Source records:
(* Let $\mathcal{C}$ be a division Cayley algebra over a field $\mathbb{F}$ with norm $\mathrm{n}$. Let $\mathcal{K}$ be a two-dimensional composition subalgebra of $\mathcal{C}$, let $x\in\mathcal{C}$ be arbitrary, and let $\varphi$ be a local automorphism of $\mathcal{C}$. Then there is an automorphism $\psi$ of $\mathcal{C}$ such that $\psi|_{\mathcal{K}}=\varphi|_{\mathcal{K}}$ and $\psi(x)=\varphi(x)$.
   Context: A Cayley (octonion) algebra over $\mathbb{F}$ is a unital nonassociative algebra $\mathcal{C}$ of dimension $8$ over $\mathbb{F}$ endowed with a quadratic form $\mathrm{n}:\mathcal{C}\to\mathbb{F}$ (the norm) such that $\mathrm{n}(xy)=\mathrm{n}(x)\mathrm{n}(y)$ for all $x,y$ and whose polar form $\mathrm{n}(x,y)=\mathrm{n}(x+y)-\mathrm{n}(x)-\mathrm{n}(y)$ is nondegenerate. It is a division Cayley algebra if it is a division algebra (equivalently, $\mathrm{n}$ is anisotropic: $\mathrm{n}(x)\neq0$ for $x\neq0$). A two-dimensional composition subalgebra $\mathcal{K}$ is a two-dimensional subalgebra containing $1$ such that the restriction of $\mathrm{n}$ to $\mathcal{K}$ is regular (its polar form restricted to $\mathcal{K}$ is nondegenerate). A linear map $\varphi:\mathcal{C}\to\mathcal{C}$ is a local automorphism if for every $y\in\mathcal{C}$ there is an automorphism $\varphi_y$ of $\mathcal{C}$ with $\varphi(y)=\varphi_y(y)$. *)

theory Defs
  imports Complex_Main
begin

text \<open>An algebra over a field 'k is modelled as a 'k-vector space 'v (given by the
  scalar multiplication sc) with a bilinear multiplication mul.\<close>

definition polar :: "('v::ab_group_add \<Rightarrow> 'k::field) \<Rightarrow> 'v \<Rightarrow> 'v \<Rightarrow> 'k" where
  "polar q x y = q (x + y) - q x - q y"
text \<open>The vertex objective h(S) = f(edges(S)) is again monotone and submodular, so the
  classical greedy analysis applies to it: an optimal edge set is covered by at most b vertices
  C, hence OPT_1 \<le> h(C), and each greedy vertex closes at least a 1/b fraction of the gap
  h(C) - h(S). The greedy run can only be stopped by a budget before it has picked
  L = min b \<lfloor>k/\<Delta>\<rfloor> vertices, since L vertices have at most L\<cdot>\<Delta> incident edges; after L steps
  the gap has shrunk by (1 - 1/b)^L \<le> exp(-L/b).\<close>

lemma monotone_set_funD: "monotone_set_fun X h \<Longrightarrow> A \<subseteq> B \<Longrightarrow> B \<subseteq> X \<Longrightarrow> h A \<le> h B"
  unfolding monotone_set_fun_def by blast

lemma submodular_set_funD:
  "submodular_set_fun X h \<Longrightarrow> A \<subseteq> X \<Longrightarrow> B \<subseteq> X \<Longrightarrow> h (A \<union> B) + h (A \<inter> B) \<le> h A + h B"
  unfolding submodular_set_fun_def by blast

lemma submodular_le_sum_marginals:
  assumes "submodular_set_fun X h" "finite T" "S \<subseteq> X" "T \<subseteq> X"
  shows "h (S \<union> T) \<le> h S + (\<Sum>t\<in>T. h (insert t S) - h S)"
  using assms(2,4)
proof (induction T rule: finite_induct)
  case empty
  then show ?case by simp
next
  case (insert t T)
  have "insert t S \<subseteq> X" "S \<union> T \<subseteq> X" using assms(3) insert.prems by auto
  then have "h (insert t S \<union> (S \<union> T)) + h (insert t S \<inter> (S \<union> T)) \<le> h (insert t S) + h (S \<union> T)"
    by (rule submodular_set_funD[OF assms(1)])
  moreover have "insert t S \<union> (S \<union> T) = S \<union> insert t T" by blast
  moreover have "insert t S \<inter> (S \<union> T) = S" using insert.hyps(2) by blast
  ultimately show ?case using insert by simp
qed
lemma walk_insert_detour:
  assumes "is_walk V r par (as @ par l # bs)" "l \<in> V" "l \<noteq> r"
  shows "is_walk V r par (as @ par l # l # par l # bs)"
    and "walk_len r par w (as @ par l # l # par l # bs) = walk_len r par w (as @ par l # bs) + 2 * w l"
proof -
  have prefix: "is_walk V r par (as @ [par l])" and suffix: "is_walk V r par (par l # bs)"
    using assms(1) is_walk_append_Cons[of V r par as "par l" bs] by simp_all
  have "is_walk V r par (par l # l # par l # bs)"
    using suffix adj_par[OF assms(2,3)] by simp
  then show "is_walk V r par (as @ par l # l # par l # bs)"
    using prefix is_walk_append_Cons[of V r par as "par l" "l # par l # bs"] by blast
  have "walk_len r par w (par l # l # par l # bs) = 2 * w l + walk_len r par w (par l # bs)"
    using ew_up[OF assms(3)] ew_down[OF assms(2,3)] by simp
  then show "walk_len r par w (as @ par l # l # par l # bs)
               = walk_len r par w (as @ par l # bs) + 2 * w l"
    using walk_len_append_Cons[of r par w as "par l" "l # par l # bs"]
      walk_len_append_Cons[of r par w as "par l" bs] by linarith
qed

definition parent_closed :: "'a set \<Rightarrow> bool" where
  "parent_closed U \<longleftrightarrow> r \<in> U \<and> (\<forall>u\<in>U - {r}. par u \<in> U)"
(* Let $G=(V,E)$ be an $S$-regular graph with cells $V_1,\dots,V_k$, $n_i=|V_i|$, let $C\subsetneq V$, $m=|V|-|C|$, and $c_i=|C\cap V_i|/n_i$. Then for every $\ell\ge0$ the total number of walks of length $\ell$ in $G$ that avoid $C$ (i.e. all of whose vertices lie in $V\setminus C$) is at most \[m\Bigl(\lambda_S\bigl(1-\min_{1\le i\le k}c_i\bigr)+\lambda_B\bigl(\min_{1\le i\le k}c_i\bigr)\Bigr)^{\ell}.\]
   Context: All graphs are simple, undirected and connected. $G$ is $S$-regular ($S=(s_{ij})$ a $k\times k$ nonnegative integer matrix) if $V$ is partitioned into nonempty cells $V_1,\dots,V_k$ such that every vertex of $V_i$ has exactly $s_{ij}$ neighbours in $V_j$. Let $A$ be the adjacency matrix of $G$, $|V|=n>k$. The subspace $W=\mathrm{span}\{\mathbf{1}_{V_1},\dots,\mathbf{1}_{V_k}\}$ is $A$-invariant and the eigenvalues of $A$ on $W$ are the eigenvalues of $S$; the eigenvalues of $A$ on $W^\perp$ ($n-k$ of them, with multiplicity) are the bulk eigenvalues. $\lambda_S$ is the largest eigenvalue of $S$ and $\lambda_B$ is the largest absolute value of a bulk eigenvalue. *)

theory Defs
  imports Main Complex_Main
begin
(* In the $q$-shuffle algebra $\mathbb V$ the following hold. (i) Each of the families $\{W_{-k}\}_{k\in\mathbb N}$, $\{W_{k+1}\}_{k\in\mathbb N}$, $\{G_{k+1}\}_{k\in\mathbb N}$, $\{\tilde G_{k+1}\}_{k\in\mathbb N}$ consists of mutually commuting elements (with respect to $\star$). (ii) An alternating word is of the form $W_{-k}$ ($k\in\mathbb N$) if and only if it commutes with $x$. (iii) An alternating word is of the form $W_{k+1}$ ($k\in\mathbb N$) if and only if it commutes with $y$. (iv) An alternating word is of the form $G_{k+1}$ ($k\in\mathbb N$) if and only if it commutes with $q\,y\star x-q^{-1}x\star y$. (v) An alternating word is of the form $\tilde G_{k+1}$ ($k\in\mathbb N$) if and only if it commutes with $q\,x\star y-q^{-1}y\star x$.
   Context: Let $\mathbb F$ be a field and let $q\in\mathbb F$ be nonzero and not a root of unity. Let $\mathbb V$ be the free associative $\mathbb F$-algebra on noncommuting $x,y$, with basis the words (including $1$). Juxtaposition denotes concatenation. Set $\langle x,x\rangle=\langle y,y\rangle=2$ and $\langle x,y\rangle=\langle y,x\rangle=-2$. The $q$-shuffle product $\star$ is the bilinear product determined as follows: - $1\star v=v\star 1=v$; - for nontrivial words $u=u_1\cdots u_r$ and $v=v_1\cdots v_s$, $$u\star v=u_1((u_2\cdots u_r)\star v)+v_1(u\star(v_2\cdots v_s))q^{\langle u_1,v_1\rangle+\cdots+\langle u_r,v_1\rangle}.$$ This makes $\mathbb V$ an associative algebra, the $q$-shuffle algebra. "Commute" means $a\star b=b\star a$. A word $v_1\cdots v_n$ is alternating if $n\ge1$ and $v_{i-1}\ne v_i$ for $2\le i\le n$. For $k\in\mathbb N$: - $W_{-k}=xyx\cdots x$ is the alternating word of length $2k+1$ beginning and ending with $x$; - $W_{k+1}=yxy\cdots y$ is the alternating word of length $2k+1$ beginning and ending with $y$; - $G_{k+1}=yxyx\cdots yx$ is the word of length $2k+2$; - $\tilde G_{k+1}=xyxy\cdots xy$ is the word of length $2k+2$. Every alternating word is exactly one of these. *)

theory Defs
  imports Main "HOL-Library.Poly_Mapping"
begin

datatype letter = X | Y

> **Exercise details**: Look through the records and copy down every line that holds "blast".

> **Solution for this exercise**:
  unfolding monotone_set_fun_def by blast
  unfolding submodular_set_fun_def by blast
  moreover have "insert t S \<union> (S \<union> T) = S \<union> insert t T" by blast
  moreover have "insert t S \<inter> (S \<union> T) = S" using insert.hyps(2) by blast
    using prefix is_walk_append_Cons[of V r par as "par l" "l # par l # bs"] by blast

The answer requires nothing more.